(Data items)
= Beginning of Section =

lemma tropical_code_eigvec_proj_small:
  assumes pos: "\<And>k. k < n \<Longrightarrow> 0 < lam k"
    and gap: "\<And>k. Suc k < n \<Longrightarrow> lam (Suc k) < lam k / (real n)\<^sup>2"
    and C: "csubspace n C" and quad: "\<And>u. u \<in> C \<Longrightarrow> (A *\<^sub>v u) \<bullet>c u = complex_of_real \<epsilon> * (u \<bullet>c u)"
    and D: "D < cdim n C" and j: "j < D"
  shows "sqnorm (proj n C *\<^sub>v f j) < 1 / (real n)\<^sup>2"
proof -
  define N where "N = sqnorm (proj n C *\<^sub>v f j)"
  have Dn: "D < n" using D cdim_le_dim[OF C] by simp
  have "\<epsilon> \<le> lam D"
    by (rule rayleigh_quotient_le_eigenvalue[OF tropical_antitone[where lam = lam, OF pos gap] C quad D])
  also have "lam D < lam j / (real n)\<^sup>2" by (rule tropical_gap[where lam = lam, OF pos gap j Dn])
  finally have eps: "\<epsilon> < lam j / (real n)\<^sup>2" .
  have "\<And>k. k < n \<Longrightarrow> 0 \<le> lam k" using pos by (simp add: less_imp_le)
  hence "lam j * N\<^sup>2 \<le> \<epsilon> * N"
    unfolding N_def using j Dn by (intro eigvec_proj_sqnorm_bound[OF _ C quad]) auto
  moreover have "0 < lam j" "0 \<le> N" using pos j Dn sqnorm_nonneg unfolding N_def by auto
  ultimately have "lam j * N \<le> \<epsilon> \<or> N = 0" by (auto simp: power2_eq_square)
  hence "lam j * N < lam j * (1 / (real n)\<^sup>2)" using eps \<open>0 < lam j\<close> Dn by auto
  thus ?thesis unfolding N_def using mult_less_cancel_left_pos[OF \<open>0 < lam j\<close>] by blast
qed

end

section \<open>Codes and colorings of induced subgraphs\<close>

lemma smult_mat_mult_vec:
  fixes A :: "'a :: comm_semiring_0 mat"
  assumes "A \<in> carrier_mat n n" "v \<in> carrier_vec n"
  shows "(a \<cdot>\<^sub>m A) *\<^sub>v v = a \<cdot>\<^sub>v (A *\<^sub>v v)"
  using assms by (intro eq_vecI) (auto simp: scalar_prod_def sum_distrib_left mult.assoc)

lemma code_induced_quadratic_form:
  assumes S: "csubspace n S" and code: "is_code n S (induced_edges n S E) C"
    and M: "M \<in> E" "M \<in> carrier_mat n n"
  shows "\<exists>\<epsilon> :: real. \<forall>u\<in>C. (M *\<^sub>v u) \<bullet>c u = complex_of_real \<epsilon> * (u \<bullet>c u)"
proof -
  let ?PC = "proj n C" and ?PS = "proj n S"
  have C: "csubspace n C" and CS: "C \<subseteq> S" using code unfolding is_code_def by simp_all
  obtain \<epsilon> where eq: "?PC * (?PS * M * ?PS) * ?PC = complex_of_real \<epsilon> \<cdot>\<^sub>m ?PC"
    using code M(1) unfolding is_code_def induced_edges_def by blast
  have "(M *\<^sub>v u) \<bullet>c u = complex_of_real \<epsilon> * (u \<bullet>c u)" if u: "u \<in> C" for u
  proof -
    have uC: "u \<in> carrier_vec n" using u csubspace_carrier[OF C] by auto
    have fixC: "?PC *\<^sub>v u = u" and fixS: "?PS *\<^sub>v u = u"
      using proj_fixes[OF C u] proj_fixes[OF S] u CS by auto
    have MuC: "M *\<^sub>v u \<in> carrier_vec n" using M(2) uC by simp
    have "?PC *\<^sub>v (?PS *\<^sub>v (M *\<^sub>v u)) = (?PC * (?PS * M * ?PS) * ?PC) *\<^sub>v u"
      using proj_carrier[OF C] proj_carrier[OF S] M(2) uC fixC fixS
      by (simp add: assoc_mult_mat_vec[of _ n n _ n])
    also have "\<dots> = complex_of_real \<epsilon> \<cdot>\<^sub>v u"
      unfolding eq using smult_mat_mult_vec[OF proj_carrier[OF C] uC] fixC by simp
    finally have compressed: "?PC *\<^sub>v (?PS *\<^sub>v (M *\<^sub>v u)) = complex_of_real \<epsilon> \<cdot>\<^sub>v u" .
    have "(M *\<^sub>v u) \<bullet>c u = (?PC *\<^sub>v (?PS *\<^sub>v (M *\<^sub>v u))) \<bullet>c u"
      using proj_self_adjoint[OF C proj_mult_vec_carrier[OF S MuC] uC]
        proj_self_adjoint[OF S MuC uC] fixC fixS by simp
    thus ?thesis unfolding compressed by (simp add: cscalar_prod_smult_left[OF uC uC])
  qed
  thus ?thesis by blast
qed

lemma generator_mem_edge_space:
  assumes A: "\<forall>k\<in>{1..m}. A k \<in> carrier_mat n n" and i: "i \<in> {1..m}"
  shows "A i \<in> edge_space n m A"
proof -
  have Ai: "A i \<in> carrier_mat n n" using A i by blast
  have "lin_comb n m A (\<lambda>k. if k = i then 1 else 0) = A i"
  proof (rule eq_matI)
    fix r s assume "r < dim_row (A i)" "s < dim_col (A i)"
    hence "r < n" "s < n" using Ai by auto
    moreover have "(\<Sum>k\<in>{1..m}. complex_of_real (if k = i then 1 else 0) * A k $$ (r, s))
        = (\<Sum>k\<in>{1..m}. if k = i then A i $$ (r, s) else 0)"
      by (rule sum.cong) auto
    ultimately show "lin_comb n m A (\<lambda>k. if k = i then 1 else 0) $$ (r, s) = A i $$ (r, s)"
      using i by (simp add: lin_comb_def)
  qed (use Ai in \<open>auto simp: lin_comb_def\<close>)
  thus ?thesis unfolding edge_space_def by (metis (mono_tags, lifting) mem_Collect_eq)
qed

= End of Section =

_Task directions_
From the records above, pull every line that carries the word "where".

_Solution to the problem_
  define N where "N = sqnorm (proj n C *\<^sub>v f j)"
    by (rule rayleigh_quotient_le_eigenvalue[OF tropical_antitone[where lam = lam, OF pos gap] C quad D])
  also have "lam D < lam j / (real n)\<^sup>2" by (rule tropical_gap[where lam = lam, OF pos gap j Dn])
  obtain \<epsilon> where eq: "?PC * (?PS * M * ?PS) * ?PC = complex_of_real \<epsilon> \<cdot>\<^sub>m ?PC"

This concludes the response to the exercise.